Berdasarkan data Kementerian BUMN akhir tahun 2010, total dana PKBL yang disalurkan oleh 142 BUMN mencapai Rp. 17.700.000.000.000,- (tujuh belas triliun tujuh ratus miliar rupiah), dimana total dana PKBL tersebut disalurkan dalam
bentuk program kemitraan sebesar Rp. 14.300.000.000.000,- (empat belas triliun tiga ratus miliar rupiah) dan bina lingkungan sebesar Rp. 3.400.000.000.000,- (tiga triliun empat ratus miliar rupiah). Keberadaan dana sebesar ini apabila dimanfaatkan secara baik tentu dapat menjadi satu kekuatan besar pembangunan di Indonesia.133
Selain Peraturan Menteri Negara BUMN No. Per-05/MBU/2007, ada juga Surat Edaran Menteri Negara BUMN No. SE-07/MBU/2008 tentang Pelaksanaan PKBL dan Penerapan Pasal 74 Undang-Undang No. 40 Tahun 2007 tentang Perseroan Terbatas yang berisikan sebagai berikut :
1. “Bagi BUMN yang sudah melakukan alokasi biaya untuk Bina Wilayah atau yang sejenis sebelum terbitnya Undang-Undang No. 40 Tahun 2007 (UUPT), maka dalam pelaksanaannya agar dilakukan sesuai dengan mekanisme korporasi dengan memperhatikan prinsip-prinsip good corporate governance
(GCG);
2. Bagi BUMN yang sumber dana Program Kemitraan dan Bina Lingkungan (PKBL)-nya berasal dari penyisihan laba, maka tetap melaksanakan PKBL sesuai dengan alokasi dana yang disetujui RUPS;
3. Bagi BUMN yang sumber dana Program Kemitraan dan/atau Bina Lingkungan (PKBL)-nya dibebankan menjadi biaya perusahaan sebagai pelaksanaan Pasal 74 UUPT, maka dalam pelaksanaannya agar tetap berpedoman pada Peraturan Menteri Negara BUMN No. Per-05/MBU/2007, sampai adanya penetapan lebih lanjut dari Menteri Negara BUMN”.
Berdasarkan Surat Edaran Menteri Negara BUMN No. SE-07/MBU/2008 adalah turunan dari TJSL/CSR pada Pasal 74 Undang-Undang No. 40 Tahun 2007 tentang Perseroan Terbatas.

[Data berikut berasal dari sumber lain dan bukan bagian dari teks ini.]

text \<open>A necessary condition for membership in \<open>\<A>\<^sub>3\<^sup>Q\<close>: the product of all eigenvalue moduli is
  \<open>exp (-9 \<Sum> t)\<close>, whereas \<open>|\<lambda>\<^sub>\<nu>|\<^sup>6 = exp (6 Re l\<^sub>\<nu>) \<ge> exp (-9 \<Sum> t)\<close> since \<open>Re \<chi> \<ge> -1/2\<close>.\<close>

lemma AQ3_eigval_ineq:
  assumes "q \<in> AQ3" "\<nu> < 9"
  shows "(\<Prod>\<nu>'<9. cmod (chan_eigval q \<nu>')) \<le> cmod (chan_eigval q \<nu>) ^ 6"
proof -
  obtain t where "\<forall>\<mu>\<in>{1..8}. 0 \<le> t \<mu>" "meq 9 (weyl_channel q) (mexp 9 (gen_comb t))"
    using assms(1) unfolding AQ3_def by blast
  then have "(\<Prod>\<nu>'<9. cmod (chan_eigval q \<nu>')) = exp (-9 * (\<Sum>\<mu>\<in>{1..8}. t \<mu>))"
    and "cmod (chan_eigval q \<nu>) ^ 6 = exp (6 * Re (gen_eigval t \<nu>))"
    and "-9 * (\<Sum>\<mu>\<in>{1..8}. t \<mu>) \<le> 6 * Re (gen_eigval t \<nu>)"
    using prod_norm_chan_eigval norm_chan_eigval_power_6 assms(2) Re_gen_eigval_ge by auto
  then show ?thesis by simp
qed

lemma prod_norm_chan_eigval_eq_power_6:
  assumes "meq 9 (weyl_channel p) (mexp 9 (gen_comb t))" "\<nu> < 9"
    and "\<And>\<mu>. \<mu> \<in> {1..8} \<Longrightarrow> t \<mu> = 0 \<or> weyl_char \<mu> \<nu> \<noteq> 1"
  shows "(\<Prod>\<nu>'<9. cmod (chan_eigval p \<nu>')) = cmod (chan_eigval p \<nu>) ^ 6"
  using Re_gen_eigval_eq[OF assms(3)]
  by (simp add: prod_norm_chan_eigval[OF assms(1)] norm_chan_eigval_power_6[OF assms(1,2)])

lemma chan_eigval_mix:
  "chan_eigval (\<lambda>\<mu>. (1 - e) * p \<mu> + e * r \<mu>) \<nu>
    = complex_of_real (1 - e) * chan_eigval p \<nu> + complex_of_real e * chan_eigval r \<nu>"
  unfolding chan_eigval_def sum_distrib_left sum.distrib[symmetric]
  by (intro sum.cong refl) (simp add: algebra_simps)

lemma chan_eigval_zneg: "\<nu> < 9 \<Longrightarrow> chan_eigval p (zneg \<nu>) = cnj (chan_eigval p \<nu>)"
  unfolding chan_eigval_def by (simp add: weyl_char_zneg_right)

text \<open>Inverse character transform of the eigenvalue vector that is \<open>1\<close> at \<open>0\<close>, \<open>g\<close> at \<open>\<nu>\<^sub>0\<close>,
  \<open>cnj g\<close> at \<open>zneg \<nu>\<^sub>0\<close> and \<open>0\<close> elsewhere.\<close>

definition spike_prob :: "complex \<Rightarrow> nat \<Rightarrow> nat \<Rightarrow> real" where
  "spike_prob g \<nu>0 \<mu> = (if \<mu> < 9 then (1 + 2 * Re (g * cnj (weyl_char \<mu> \<nu>0))) / 9 else 0)"

lemma chan_eigval_spike_prob:
  assumes "\<nu>0 < 9" "\<nu> < 9"
  shows "chan_eigval (spike_prob g \<nu>0) \<nu>
    = (if \<nu> = 0 then 1 else 0) + (if \<nu> = \<nu>0 then g else 0) + (if \<nu> = zneg \<nu>0 then cnj g else 0)"
proof -
  have "complex_of_real (2 * Re (g * cnj (weyl_char \<mu> \<nu>0))) = g * cnj (weyl_char \<mu> \<nu>0) + cnj g * weyl_char \<mu> \<nu>0"
    for \<mu> unfolding complex_add_cnj[symmetric] by simp
  then have "chan_eigval (spike_prob g \<nu>0) \<nu> = ((\<Sum>\<mu><9. weyl_char \<mu> \<nu>)
      + g * (\<Sum>\<mu><9. cnj (weyl_char \<mu> \<nu>0) * weyl_char \<mu> \<nu>)
      + cnj g * (\<Sum>\<mu><9. weyl_char \<mu> \<nu>0 * weyl_char \<mu> \<nu>)) / 9"
    unfolding chan_eigval_def spike_prob_def
    by (simp add: sum_divide_distrib[symmetric] sum.distrib sum_distrib_left algebra_simps)
  also have "\<dots> = ((if \<nu> = 0 then 9 else 0) + g * (if \<nu>0 = \<nu> then 9 else 0)
      + cnj g * (if \<nu> = zneg \<nu>0 then 9 else 0)) / 9"
    unfolding sum_weyl_char_left[OF assms(2)] weyl_char_orthogonal[OF assms]
      weyl_char_orthogonal_zneg[OF assms] ..
  finally have eigval: "chan_eigval (spike_prob g \<nu>0) \<nu> = ((if \<nu> = 0 then 9 else 0)
      + g * (if \<nu>0 = \<nu> then 9 else 0) + cnj g * (if \<nu> = zneg \<nu>0 then 9 else 0)) / 9" .
  show ?thesis
    unfolding eigval by (cases "\<nu> = 0"; cases "\<nu> = \<nu>0"; cases "\<nu> = zneg \<nu>0") (auto simp: add_divide_distrib)
qed

lemma spike_prob_in_simplex:
  assumes "cmod g = 1/2" "\<nu>0 < 9" "\<nu>0 \<noteq> 0"
  shows "spike_prob g \<nu>0 \<in> weyl_simplex"
proof (rule weyl_simplexI)
  fix \<mu>
  have "- cmod (g * cnj (weyl_char \<mu> \<nu>0)) \<le> Re (g * cnj (weyl_char \<mu> \<nu>0))"
    using abs_Re_le_cmod[of "g * cnj (weyl_char \<mu> \<nu>0)"] by linarith
  moreover have "cmod (g * cnj (weyl_char \<mu> \<nu>0)) = 1/2"
    using assms(1) by (simp add: norm_mult norm_weyl_char)
  ultimately show "0 \<le> spike_prob g \<nu>0 \<mu>" unfolding spike_prob_def by auto
next
  show "chan_eigval (spike_prob g \<nu>0) 0 = 1"
    using chan_eigval_spike_prob[OF assms(2), of 0] zneg_neq[OF assms(2,3)] assms(3) by simp
qed (simp add: spike_prob_def)

lemma weyl_simplex_mix:
  assumes "p \<in> weyl_simplex" "r \<in> weyl_simplex" "0 \<le> e" "e \<le> 1"
  shows "(\<lambda>\<mu>. (1 - e) * p \<mu> + e * r \<mu>) \<in> weyl_simplex"
  using assms unfolding weyl_simplex_def
  by (auto simp: sum.distrib sum_distrib_left[symmetric] intro!: add_nonneg_nonneg mult_nonneg_nonneg)

lemma prod_norm_chan_eigval_split:
  assumes "\<nu>0 < 9" "\<nu>0 \<noteq> 0"
  shows "(\<Prod>\<nu><9. cmod (chan_eigval p \<nu>)) = cmod (chan_eigval p 0) * cmod (chan_eigval p \<nu>0) ^ 2
           * (\<Prod>\<nu>\<in>{..<9} - {0, \<nu>0, zneg \<nu>0}. cmod (chan_eigval p \<nu>))"
proof -
  have neq: "zneg \<nu>0 \<noteq> \<nu>0" "zneg \<nu>0 \<noteq> 0" using zneg_neq[OF assms] by auto
  have "(\<Prod>\<nu><9. cmod (chan_eigval p \<nu>))
      = (\<Prod>\<nu>\<in>{..<9} - {0, \<nu>0, zneg \<nu>0}. cmod (chan_eigval p \<nu>)) * (\<Prod>\<nu>\<in>{0, \<nu>0, zneg \<nu>0}. cmod (chan_eigval p \<nu>))"
    by (rule prod.subset_diff) (use assms zneg_less_9 in auto)
  then show ?thesis
    using neq assms(2) by (simp add: chan_eigval_zneg[OF assms(1)] power2_eq_square mult.assoc)
qed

Turunan tersebut sudah baik karena sudah diterapkan berdasarkan prinsip tata kelola perusahaan yang baik (Good Corporate Governance –
GCG). 133
Harian Ekonomi Neraca, “CSR Kementerian Lingkungan Hidup”, diterbitkan Selasa, 25 Oktober 2011.
Ada juga Surat Edaran Menteri Negara BUMN No. SE-14/MBU/2008 tentang Optimalisasi Dana Program Kemitraan Melalui Kerjasama Penyaluran mengisyaratkan agar setiap BUMN bersinergi dengan BUMN lainnya untuk melaksanakan CSR/TJSL. Seharusnya Pemerintah juga memperbaiki peraturan pelaksanaan CSR/TJSL bagi pelaku usaha khususnya bagi perusahaan swasta.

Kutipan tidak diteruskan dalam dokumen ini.